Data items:
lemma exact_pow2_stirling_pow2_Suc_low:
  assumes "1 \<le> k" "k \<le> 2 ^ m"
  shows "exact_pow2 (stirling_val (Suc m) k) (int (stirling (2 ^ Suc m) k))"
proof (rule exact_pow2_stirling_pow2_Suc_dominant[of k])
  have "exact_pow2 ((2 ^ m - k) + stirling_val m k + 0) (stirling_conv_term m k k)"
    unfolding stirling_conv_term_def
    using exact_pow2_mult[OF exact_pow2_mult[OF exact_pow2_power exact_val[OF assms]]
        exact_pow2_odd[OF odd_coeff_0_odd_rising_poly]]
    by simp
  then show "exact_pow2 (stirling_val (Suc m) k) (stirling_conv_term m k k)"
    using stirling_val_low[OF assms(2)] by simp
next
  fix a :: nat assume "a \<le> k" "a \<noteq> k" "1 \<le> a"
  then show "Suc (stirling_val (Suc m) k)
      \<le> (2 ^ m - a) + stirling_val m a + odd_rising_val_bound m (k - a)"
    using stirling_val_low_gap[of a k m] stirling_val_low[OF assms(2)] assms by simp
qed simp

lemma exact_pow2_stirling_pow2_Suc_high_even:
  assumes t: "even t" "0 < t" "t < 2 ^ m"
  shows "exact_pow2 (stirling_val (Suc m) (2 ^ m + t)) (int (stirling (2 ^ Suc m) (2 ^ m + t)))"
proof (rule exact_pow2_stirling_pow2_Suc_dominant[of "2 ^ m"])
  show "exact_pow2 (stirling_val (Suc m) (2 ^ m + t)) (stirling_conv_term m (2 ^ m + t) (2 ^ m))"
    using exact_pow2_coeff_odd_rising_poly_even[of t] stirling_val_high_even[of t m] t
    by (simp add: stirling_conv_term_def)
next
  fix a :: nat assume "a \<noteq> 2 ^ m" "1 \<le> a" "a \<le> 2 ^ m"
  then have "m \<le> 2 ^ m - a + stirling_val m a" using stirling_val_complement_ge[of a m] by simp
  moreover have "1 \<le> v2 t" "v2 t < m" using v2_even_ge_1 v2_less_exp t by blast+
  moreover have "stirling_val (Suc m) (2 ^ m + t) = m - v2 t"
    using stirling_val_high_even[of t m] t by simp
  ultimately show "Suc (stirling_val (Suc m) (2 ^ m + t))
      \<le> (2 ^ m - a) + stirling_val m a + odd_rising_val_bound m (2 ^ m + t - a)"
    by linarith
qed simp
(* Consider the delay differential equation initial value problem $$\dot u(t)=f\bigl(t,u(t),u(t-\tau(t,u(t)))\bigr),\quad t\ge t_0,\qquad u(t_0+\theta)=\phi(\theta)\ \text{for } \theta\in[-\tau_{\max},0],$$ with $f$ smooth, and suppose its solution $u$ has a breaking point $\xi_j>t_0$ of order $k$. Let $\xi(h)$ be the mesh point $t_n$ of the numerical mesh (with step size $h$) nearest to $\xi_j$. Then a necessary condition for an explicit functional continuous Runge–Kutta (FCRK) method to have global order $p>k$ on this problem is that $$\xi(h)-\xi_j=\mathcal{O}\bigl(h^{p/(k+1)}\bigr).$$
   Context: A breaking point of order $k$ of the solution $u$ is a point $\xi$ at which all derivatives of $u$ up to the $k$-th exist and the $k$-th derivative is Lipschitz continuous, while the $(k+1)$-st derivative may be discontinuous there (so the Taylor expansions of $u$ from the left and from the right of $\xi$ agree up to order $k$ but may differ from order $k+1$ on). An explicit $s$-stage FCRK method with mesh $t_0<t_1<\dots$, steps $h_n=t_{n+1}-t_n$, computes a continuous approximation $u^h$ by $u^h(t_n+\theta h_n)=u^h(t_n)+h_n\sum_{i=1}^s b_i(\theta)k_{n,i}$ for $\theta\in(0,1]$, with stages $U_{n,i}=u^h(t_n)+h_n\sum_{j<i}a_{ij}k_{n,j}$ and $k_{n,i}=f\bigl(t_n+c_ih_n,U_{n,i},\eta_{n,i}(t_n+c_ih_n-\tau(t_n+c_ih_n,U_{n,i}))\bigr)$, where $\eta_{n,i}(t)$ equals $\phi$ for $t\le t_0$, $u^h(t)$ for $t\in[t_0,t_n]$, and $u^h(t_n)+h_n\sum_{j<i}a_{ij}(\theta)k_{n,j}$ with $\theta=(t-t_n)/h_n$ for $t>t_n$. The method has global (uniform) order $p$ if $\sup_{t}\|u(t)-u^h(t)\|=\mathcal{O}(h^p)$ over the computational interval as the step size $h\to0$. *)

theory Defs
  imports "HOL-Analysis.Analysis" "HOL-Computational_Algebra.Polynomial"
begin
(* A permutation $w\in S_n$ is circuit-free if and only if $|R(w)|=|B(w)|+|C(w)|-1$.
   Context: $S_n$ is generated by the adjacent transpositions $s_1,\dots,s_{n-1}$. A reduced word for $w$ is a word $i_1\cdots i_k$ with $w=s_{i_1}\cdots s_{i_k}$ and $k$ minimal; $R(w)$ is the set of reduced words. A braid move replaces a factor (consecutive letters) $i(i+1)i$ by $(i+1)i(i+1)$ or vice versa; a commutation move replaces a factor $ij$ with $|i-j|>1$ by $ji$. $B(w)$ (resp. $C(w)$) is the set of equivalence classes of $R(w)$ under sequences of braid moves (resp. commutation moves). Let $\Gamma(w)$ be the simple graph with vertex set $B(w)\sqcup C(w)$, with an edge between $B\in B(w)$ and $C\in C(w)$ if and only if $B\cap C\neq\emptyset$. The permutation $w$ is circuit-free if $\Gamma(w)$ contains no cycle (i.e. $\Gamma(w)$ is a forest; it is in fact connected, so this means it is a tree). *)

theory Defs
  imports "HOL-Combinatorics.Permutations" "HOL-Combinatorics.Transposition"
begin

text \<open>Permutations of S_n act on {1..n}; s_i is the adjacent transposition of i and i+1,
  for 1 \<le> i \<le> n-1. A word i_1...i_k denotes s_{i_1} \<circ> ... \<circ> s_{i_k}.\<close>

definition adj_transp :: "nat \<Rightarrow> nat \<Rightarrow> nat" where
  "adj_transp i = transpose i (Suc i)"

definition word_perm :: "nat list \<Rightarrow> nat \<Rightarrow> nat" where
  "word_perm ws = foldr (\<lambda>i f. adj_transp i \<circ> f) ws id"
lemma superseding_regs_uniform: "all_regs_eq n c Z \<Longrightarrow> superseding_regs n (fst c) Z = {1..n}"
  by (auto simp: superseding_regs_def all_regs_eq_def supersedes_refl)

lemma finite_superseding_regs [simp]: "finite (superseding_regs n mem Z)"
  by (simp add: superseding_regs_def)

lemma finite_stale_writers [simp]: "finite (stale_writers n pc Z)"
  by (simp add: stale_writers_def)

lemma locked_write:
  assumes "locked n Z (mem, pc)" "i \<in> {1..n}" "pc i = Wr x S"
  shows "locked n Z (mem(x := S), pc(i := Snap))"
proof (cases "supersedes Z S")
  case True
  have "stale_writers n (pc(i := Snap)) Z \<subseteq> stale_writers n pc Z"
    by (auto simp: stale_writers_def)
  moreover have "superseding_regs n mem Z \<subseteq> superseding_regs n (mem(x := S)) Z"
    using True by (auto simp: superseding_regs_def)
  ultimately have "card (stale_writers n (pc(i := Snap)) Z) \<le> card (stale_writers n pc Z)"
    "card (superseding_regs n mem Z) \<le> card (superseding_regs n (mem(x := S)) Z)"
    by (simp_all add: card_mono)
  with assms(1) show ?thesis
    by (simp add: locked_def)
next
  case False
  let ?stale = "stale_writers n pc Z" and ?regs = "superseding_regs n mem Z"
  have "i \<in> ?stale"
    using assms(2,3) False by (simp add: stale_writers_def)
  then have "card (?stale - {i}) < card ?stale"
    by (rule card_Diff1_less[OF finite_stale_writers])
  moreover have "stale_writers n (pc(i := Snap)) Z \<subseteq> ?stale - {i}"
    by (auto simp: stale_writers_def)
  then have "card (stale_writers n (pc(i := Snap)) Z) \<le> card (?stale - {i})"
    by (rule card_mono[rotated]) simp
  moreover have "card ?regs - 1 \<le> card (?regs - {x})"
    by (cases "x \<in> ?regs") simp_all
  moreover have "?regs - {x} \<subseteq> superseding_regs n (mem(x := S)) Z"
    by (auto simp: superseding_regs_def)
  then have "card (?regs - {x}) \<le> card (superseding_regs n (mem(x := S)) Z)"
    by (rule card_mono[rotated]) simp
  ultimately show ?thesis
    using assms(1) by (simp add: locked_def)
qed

• [Task directions]
Return the lines of the records that include the string "only".

• [Problem solution]
(* A permutation $w\in S_n$ is circuit-free if and only if $|R(w)|=|B(w)|+|C(w)|-1$.
   Context: $S_n$ is generated by the adjacent transpositions $s_1,\dots,s_{n-1}$. A reduced word for $w$ is a word $i_1\cdots i_k$ with $w=s_{i_1}\cdots s_{i_k}$ and $k$ minimal; $R(w)$ is the set of reduced words. A braid move replaces a factor (consecutive letters) $i(i+1)i$ by $(i+1)i(i+1)$ or vice versa; a commutation move replaces a factor $ij$ with $|i-j|>1$ by $ji$. $B(w)$ (resp. $C(w)$) is the set of equivalence classes of $R(w)$ under sequences of braid moves (resp. commutation moves). Let $\Gamma(w)$ be the simple graph with vertex set $B(w)\sqcup C(w)$, with an edge between $B\in B(w)$ and $C\in C(w)$ if and only if $B\cap C\neq\emptyset$. The permutation $w$ is circuit-free if $\Gamma(w)$ contains no cycle (i.e. $\Gamma(w)$ is a forest; it is in fact connected, so this means it is a tree). *)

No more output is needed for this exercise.